Dataset entries:
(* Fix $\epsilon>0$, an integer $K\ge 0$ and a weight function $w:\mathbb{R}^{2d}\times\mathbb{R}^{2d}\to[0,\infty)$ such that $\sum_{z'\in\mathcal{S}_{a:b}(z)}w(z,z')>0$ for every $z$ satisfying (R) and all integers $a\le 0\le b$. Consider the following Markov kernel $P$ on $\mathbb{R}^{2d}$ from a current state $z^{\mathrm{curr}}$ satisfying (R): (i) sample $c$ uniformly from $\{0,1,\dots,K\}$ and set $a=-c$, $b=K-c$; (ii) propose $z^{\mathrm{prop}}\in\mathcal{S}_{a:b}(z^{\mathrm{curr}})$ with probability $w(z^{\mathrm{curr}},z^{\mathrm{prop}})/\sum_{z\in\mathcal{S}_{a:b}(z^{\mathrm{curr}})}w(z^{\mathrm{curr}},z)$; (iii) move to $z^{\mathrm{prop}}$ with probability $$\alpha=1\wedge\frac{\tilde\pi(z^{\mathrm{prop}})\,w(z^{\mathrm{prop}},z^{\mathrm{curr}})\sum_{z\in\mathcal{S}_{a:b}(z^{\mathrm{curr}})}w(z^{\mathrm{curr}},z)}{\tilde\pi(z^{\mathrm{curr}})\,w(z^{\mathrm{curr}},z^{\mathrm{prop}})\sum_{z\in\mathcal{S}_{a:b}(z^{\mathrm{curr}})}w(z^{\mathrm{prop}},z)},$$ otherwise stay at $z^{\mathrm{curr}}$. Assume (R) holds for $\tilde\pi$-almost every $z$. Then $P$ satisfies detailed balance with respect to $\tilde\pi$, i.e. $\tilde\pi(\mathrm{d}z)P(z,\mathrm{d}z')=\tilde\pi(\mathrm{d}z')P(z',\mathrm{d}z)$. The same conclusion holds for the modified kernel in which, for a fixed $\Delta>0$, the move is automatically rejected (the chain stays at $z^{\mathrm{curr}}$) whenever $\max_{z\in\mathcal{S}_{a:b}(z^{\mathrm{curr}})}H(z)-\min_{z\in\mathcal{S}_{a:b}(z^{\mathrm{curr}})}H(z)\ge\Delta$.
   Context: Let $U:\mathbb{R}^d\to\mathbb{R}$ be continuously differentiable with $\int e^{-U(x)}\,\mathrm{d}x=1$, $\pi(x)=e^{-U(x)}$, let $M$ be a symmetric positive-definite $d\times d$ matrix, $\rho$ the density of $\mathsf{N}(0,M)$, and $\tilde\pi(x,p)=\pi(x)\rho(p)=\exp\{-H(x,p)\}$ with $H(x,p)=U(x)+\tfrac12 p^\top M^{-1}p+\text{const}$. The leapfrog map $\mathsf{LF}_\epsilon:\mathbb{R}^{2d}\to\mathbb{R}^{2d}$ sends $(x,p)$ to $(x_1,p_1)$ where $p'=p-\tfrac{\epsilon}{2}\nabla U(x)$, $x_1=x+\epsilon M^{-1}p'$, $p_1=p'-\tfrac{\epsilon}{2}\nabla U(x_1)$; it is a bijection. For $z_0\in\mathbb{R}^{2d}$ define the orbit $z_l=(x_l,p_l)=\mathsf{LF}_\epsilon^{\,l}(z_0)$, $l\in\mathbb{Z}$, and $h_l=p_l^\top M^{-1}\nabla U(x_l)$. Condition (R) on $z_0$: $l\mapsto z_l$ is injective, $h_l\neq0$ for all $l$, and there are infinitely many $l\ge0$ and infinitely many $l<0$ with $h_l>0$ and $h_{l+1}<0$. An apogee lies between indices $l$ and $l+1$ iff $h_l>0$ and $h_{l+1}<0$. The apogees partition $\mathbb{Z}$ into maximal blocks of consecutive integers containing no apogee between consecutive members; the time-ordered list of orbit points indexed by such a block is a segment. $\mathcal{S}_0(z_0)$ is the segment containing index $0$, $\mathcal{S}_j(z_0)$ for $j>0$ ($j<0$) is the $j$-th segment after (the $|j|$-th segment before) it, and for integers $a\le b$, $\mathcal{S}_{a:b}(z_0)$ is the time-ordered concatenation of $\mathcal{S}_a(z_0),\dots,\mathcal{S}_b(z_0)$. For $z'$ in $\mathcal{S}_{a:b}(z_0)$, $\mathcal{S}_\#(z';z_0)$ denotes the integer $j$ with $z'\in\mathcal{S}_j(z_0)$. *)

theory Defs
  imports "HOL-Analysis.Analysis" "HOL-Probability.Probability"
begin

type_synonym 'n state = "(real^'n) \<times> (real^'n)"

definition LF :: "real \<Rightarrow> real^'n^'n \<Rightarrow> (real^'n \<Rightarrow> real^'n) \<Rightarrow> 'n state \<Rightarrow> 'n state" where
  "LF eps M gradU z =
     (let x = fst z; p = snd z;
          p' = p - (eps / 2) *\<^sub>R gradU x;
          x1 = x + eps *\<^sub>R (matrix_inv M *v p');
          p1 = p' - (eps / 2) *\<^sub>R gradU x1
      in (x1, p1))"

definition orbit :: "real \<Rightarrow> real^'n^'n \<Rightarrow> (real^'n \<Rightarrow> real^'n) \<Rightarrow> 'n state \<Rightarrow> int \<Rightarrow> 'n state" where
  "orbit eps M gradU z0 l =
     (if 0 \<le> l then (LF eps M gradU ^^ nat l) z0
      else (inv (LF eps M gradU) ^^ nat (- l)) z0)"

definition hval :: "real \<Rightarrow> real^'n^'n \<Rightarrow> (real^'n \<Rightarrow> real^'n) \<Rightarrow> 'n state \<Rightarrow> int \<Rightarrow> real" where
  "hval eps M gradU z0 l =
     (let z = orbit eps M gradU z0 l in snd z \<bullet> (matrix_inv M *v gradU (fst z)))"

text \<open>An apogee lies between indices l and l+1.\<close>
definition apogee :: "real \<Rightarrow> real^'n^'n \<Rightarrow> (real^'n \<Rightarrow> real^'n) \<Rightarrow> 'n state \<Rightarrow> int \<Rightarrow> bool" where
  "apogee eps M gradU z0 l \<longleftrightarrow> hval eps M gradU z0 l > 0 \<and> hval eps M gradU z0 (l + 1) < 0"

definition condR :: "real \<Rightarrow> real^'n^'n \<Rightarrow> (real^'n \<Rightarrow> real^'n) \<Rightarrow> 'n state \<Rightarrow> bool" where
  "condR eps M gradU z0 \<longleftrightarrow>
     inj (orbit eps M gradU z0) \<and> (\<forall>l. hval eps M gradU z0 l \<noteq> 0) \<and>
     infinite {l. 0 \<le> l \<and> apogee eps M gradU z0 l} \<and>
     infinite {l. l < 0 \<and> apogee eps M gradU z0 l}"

* * *

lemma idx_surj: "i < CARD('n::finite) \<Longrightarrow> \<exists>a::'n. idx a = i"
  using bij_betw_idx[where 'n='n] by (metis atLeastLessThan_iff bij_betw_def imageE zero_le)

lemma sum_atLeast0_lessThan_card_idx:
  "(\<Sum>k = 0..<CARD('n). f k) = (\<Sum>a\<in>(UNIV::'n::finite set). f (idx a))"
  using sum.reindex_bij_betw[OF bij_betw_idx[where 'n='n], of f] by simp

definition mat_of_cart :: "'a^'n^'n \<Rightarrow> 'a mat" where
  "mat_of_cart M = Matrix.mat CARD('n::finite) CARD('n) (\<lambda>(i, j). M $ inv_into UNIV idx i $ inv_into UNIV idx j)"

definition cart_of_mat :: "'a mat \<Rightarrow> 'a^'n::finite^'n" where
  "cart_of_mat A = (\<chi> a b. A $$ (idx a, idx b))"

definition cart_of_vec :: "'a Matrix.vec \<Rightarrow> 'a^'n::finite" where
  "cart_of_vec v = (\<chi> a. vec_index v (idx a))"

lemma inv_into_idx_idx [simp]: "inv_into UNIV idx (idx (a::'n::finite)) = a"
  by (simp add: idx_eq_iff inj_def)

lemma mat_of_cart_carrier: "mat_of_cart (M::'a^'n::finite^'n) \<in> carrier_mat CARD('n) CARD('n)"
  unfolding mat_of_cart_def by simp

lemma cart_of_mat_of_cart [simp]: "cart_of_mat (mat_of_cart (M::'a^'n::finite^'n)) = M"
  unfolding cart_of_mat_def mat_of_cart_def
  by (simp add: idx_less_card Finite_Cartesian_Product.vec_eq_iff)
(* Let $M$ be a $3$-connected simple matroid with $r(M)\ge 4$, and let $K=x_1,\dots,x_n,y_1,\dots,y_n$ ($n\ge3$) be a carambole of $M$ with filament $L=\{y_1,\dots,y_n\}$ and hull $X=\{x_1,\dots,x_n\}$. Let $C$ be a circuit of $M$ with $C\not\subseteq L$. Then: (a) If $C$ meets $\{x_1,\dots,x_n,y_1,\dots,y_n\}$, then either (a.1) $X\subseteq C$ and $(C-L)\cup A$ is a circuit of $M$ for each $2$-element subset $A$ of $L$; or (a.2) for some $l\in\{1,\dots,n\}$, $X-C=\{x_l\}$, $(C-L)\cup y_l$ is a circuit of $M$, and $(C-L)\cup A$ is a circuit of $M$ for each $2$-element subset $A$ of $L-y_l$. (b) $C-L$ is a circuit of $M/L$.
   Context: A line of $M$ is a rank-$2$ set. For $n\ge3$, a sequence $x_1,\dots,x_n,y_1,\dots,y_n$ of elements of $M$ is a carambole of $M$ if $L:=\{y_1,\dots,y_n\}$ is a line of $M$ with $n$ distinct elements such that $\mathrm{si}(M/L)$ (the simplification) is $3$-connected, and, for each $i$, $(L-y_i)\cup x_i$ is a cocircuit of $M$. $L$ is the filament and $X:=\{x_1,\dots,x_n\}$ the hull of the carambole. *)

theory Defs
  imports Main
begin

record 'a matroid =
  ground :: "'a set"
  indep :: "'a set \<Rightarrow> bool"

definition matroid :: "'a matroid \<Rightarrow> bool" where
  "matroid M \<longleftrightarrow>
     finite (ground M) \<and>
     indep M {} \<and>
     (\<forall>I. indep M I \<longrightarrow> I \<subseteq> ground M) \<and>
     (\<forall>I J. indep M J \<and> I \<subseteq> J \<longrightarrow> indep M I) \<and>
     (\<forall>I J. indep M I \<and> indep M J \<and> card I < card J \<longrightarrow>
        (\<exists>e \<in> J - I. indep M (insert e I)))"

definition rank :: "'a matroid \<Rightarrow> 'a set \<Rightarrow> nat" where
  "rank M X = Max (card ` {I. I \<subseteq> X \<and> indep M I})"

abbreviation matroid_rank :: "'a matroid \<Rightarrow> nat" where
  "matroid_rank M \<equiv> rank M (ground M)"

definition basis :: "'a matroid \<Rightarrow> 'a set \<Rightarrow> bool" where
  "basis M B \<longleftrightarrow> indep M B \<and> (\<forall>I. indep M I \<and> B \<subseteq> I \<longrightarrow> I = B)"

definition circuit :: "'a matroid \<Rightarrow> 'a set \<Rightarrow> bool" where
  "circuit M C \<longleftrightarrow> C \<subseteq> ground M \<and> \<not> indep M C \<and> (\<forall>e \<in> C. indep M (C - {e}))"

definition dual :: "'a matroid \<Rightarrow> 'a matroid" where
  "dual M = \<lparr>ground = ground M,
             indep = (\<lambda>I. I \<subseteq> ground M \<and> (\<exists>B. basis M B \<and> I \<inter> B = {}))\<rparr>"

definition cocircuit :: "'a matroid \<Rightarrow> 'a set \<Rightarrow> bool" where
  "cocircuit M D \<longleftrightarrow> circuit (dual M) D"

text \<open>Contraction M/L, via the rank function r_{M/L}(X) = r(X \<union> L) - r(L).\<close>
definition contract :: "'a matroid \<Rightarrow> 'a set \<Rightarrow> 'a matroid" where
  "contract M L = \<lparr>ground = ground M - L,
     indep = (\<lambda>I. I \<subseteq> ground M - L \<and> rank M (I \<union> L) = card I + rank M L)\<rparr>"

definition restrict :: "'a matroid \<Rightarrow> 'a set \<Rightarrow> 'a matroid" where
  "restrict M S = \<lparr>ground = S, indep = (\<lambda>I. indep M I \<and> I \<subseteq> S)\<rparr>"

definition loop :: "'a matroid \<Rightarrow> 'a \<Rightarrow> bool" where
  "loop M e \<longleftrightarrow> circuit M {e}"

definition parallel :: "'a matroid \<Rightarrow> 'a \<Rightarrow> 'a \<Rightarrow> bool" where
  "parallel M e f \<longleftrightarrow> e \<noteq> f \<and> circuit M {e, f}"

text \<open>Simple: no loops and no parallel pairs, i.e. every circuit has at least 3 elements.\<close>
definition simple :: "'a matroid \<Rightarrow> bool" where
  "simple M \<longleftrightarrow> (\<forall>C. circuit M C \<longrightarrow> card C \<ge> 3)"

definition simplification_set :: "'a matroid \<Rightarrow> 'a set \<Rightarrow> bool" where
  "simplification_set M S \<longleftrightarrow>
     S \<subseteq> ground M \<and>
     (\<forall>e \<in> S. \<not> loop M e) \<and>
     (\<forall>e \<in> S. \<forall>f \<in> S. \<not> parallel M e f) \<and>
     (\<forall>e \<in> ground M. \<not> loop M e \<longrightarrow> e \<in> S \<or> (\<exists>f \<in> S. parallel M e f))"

Problem to work on:
Could you find every line in the records above that contains the word "rparr" and copy it?

Expected answer:
             indep = (\<lambda>I. I \<subseteq> ground M \<and> (\<exists>B. basis M B \<and> I \<inter> B = {}))\<rparr>"
     indep = (\<lambda>I. I \<subseteq> ground M - L \<and> rank M (I \<union> L) = card I + rank M L)\<rparr>"
  "restrict M S = \<lparr>ground = S, indep = (\<lambda>I. indep M I \<and> I \<subseteq> S)\<rparr>"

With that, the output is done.